Hi, I have found that the workaround those not work if the model has multiple inputs. The following code fails:

import numpy as np
import tensorflow as tf
#strategy = tf.distribute.MirroredStrategy()
strategy = tf.distribute.experimental.MultiWorkerMirroredStrategy()


def generator():
    while True:
        yield [np.ones([10, 10], np.float32), np.ones([10, 10], np.float32)], np.ones([10, 1], np.float32)


with strategy.scope():
    inputA = tf.keras.layers.Input(shape=(10,))
    inputB = tf.keras.layers.Input(shape=(10,))

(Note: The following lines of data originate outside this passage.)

text \<open>
  Put x = p / (1 - p), so that an edge set E of G(n,p) has probability (1 - p)^(n choose 2) x^|E|.
  A partitionable E is the union of a list of at most r pairwise disjoint non-star bicliques, and
  x^|E| is the product of the weights x^|F| of the parts. Summing over all such lists bounds the
  probability by (1 - p)^(n choose 2) times the sum of W^k for k \<le> r, where W is the total weight of
  all non-star bicliques. Since T = 2 (n choose 2) (1 + x^2)^n is at least 2, it suffices to show
  W \<le> T, which makes the geometric sum at most 2 T^r.

  Write a biclique as K(a,b) with a \<le> b. Those with a = 2 weigh at most (n choose 2) (1 + x^2)^n in
  total. For a \<ge> 3 the weight x^(ab) is bounded by a product f(a) g(b), which turns the rest into a
  product of two sums over subsets. With f(a) = C z^a and g(b) = x^(3b) the rest is at most
  C ((1 + z)(1 + x^3))^n, exponentially smaller than (1 + x^2)^n for small z > 0. With
  x^(ab) \<le> x^9 x^(3(a-3)) x^(3(b-3)) it is at most x^9 ((n choose 3)(1 + x^3)^n)^2, which stays below
  (n choose 2) (1 + x^2)^n for every n \<ge> 4 as soon as x \<le> 3/128, as is the case for p < 0.01.
\<close>

lemma sum_Pow_card:
  fixes f :: "nat \<Rightarrow> 'a :: comm_semiring_1"
  assumes "finite V"
  shows "(\<Sum>A\<in>Pow V. f (card A)) = (\<Sum>k\<le>card V. of_nat (card V choose k) * f k)"
proof -
  have "(\<Sum>A\<in>Pow V. f (card A))
      = (\<Sum>k\<le>card V. \<Sum>A | A \<in> Pow V \<and> card A = k. f (card A))"
    by (rule sum.group[symmetric]) (use assms card_mono in auto)
  also have "\<dots> = (\<Sum>k\<le>card V. of_nat (card V choose k) * f k)"
  proof (rule sum.cong[OF refl])
    fix k
    have "{A. A \<in> Pow V \<and> card A = k} = {A. A \<subseteq> V \<and> card A = k}" by auto
    then show "(\<Sum>A | A \<in> Pow V \<and> card A = k. f (card A)) = of_nat (card V choose k) * f k"
      using n_subsets[OF assms] by simp
  qed
  finally show ?thesis .
qed

lemma sum_Pow_power_card:
  fixes y :: "'a :: comm_semiring_1"
  assumes "finite V"
  shows "(\<Sum>A\<in>Pow V. y ^ card A) = (1 + y) ^ card V"
  using sum_Pow_card[OF assms, of "\<lambda>k. y ^ k"] binomial_ring[of y 1 "card V"]
  by (simp add: add.commute)

lemma binomial_term_le_power:
  fixes t :: real
  assumes "0 \<le> t" "k \<le> n"
  shows "real (n choose k) * t ^ k \<le> (1 + t) ^ n"
proof -
  have "real (n choose k) * t ^ k \<le> (\<Sum>j\<le>n. real (n choose j) * t ^ j)"
    by (rule member_le_sum[of k _ "\<lambda>j. real (n choose j) * t ^ j"]) (use assms in auto)
  also have "\<dots> = (1 + t) ^ n"
    using binomial_ring[of t 1 n] by (simp add: add.commute)
  finally show ?thesis .
qed

lemma binomial_le_times_binomial_diff:
  assumes "j \<le> k"
  shows "n choose k \<le> (n choose j) * (n choose (k - j))"
proof (cases "k \<le> n")
  case True
  have "(n choose k) * (k choose j) = (n choose j) * ((n - j) choose (k - j))"
    using choose_mult[OF assms True] .
  moreover have "1 \<le> k choose j" using assms by (simp add: Suc_leI)
  moreover have "(n - j) choose (k - j) \<le> n choose (k - j)" by (rule binomial_right_mono) simp
  ultimately show ?thesis
    by (metis mult.right_neutral mult_le_mono mult_le_mono2 order_trans order_refl)
qed (simp add: binomial_eq_0)

lemma sum_Pow_shifted_power_le:
  fixes y :: real
  assumes "finite V" "0 \<le> y"
  shows "(\<Sum>A\<in>Pow V. if j \<le> card A then y ^ (card A - j) else 0)
    \<le> real (card V choose j) * (1 + y) ^ card V"
proof -
  let ?n = "card V"
  let ?b = "\<lambda>i. real (?n choose i) * y ^ i"
  have "(\<Sum>A\<in>Pow V. if j \<le> card A then y ^ (card A - j) else 0)
      = (\<Sum>k\<le>?n. real (?n choose k) * (if j \<le> k then y ^ (k - j) else 0))"
    by (rule sum_Pow_card[OF assms(1)])
  also have "\<dots> \<le> (\<Sum>k\<le>?n. if j \<le> k then real (?n choose j) * ?b (k - j) else 0)"
  proof (rule sum_mono)
    fix k
    have "real (?n choose k) \<le> real (?n choose j) * real (?n choose (k - j))" if "j \<le> k"
      using binomial_le_times_binomial_diff[OF that] by (metis of_nat_le_iff of_nat_mult)
    then show "real (?n choose k) * (if j \<le> k then y ^ (k - j) else 0)
      \<le> (if j \<le> k then real (?n choose j) * ?b (k - j) else 0)"
      using assms(2) by (auto simp: mult.assoc[symmetric] intro: mult_right_mono)
  qed
  also have "\<dots> = real (?n choose j) * (\<Sum>k\<in>{j..?n}. ?b (k - j))"
    by (simp add: sum_distrib_left sum.If_cases Int_def atLeastAtMost_def atLeast_def conj_commute)
  also have "\<dots> \<le> real (?n choose j) * (\<Sum>i\<le>?n. ?b i)"
  proof (rule mult_left_mono)
    have "(\<Sum>k\<in>{j..?n}. ?b (k - j)) = (\<Sum>i\<in>(\<lambda>k. k - j) ` {j..?n}. ?b i)"
      by (subst sum.reindex) (auto simp: inj_on_def)
    also have "\<dots> \<le> (\<Sum>i\<le>?n. ?b i)"
      by (rule sum_mono2) (use assms(2) in auto)
    finally show "(\<Sum>k\<in>{j..?n}. ?b (k - j)) \<le> (\<Sum>i\<le>?n. ?b i)" .
  qed simp
  also have "\<dots> = real (?n choose j) * (1 + y) ^ ?n"
    using binomial_ring[of y 1 ?n] by (simp add: add.commute)
  finally show ?thesis .
qed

    output = tf.keras.layers.Concatenate()([inputA, inputB])
    output = tf.keras.layers.Dense(1, input_shape=(10,), activation="relu")(output)
    model = tf.keras.models.Model(inputs=[inputA, inputB], outputs=output)
    model.compile('Adam', 'mae')
    model.fit(generator(), steps_per_epoch=1000, epochs=10)
Traceback (most recent call last):
  File "scripts/distributed_strategy_test/fit_test_multiple_inputs.py", line 20, in <module>
    model.fit(generator(), steps_per_epoch=1000, epochs=10)
  File "/home/gbarbadillo/miniconda3/envs/tino/lib/python3.7/site-packages/tensorflow_core/python/keras/engine/training.py", line 734, in fit
    use_multiprocessing=use_multiprocessing)
  File "/home/gbarbadillo/miniconda3/envs/tino/lib/python3.7/site-packages/tensorflow_core/python/keras/engine/training_v2.py", line 224, in fit
    distribution_strategy=strategy)
  File "/home/gbarbadillo/miniconda3/envs/tino/lib/python3.7/site-packages/tensorflow_core/python/keras/engine/training_v2.py", line 547, in _process_training_inputs
    use_multiprocessing=use_multiprocessing)
  File "/home/gbarbadillo/miniconda3/envs/tino/lib/python3.7/site-packages/tensorflow_core/python/keras/engine/training_v2.py", line 605, in _process_inputs
    use_multiprocessing=use_multiprocessing)
  File "/home/gbarbadillo/miniconda3/envs/tino/lib/python3.7/site-packages/tensorflow_core/python/keras/engine/data_adapter.py", line 550, in __init__
    reassemble, nested_dtypes, output_shapes=nested_shape)
  File "/home/gbarbadillo/miniconda3/envs/tino/lib/python3.7/site-packages/tensorflow_core/python/data/ops/dataset_ops.py", line 540, in from_generator
    output_types, tensor_shape.as_shape, output_shapes)
  File "/home/gbarbadillo/miniconda3/envs/tino/lib/python3.7/site-packages/tensorflow_core/python/data/util/nest.py", line 471, in map_structure_up_to
    results = [func(*tensors) for tensors in zip(*all_flattened_up_to)]
  File "/home/gbarbadillo/miniconda3/envs/tino/lib/python3.7/site-packages/tensorflow_core/python/data/util/nest.py", line 471, in <listcomp>
    results = [func(*tensors) for tensors in zip(*all_flattened_up_to)]
  File "/home/gbarbadillo/miniconda3/envs/tino/lib/python3.7/site-packages/tensorflow_core/python/framework/tensor_shape.py", line 1216, in as_shape
    return TensorShape(shape)
  File "/home/gbarbadillo/miniconda3/envs/tino/lib/python3.7/site-packages/tensorflow_core/python/framework/tensor_shape.py", line 776, in __init__
    self._dims = [as_dimension(d) for d in dims_iter]
  File "/home/gbarbadillo/miniconda3/envs/tino/lib/python3.7/site-packages/tensorflow_core/python/framework/tensor_shape.py", line 776, in <listcomp>
    self._dims = [as_dimension(d) for d in dims_iter]
  File "/home/gbarbadillo/miniconda3/envs/tino/lib/python3.7/site-packages/tensorflow_core/python/framework/tensor_shape.py", line 718, in as_dimension
    return Dimension(value)
  File "/home/gbarbadillo/miniconda3/envs/tino/lib/python3.7/site-packages/tensorflow_core/python/framework/tensor_shape.py", line 193, in __init__
    self._value = int(value)
TypeError: int() argument must be a string, a bytes-like object or a number, not 'tuple'

Should I open a new thread for this issue?

did you solve this?

Please reopen if it doesn’t provide a workaround.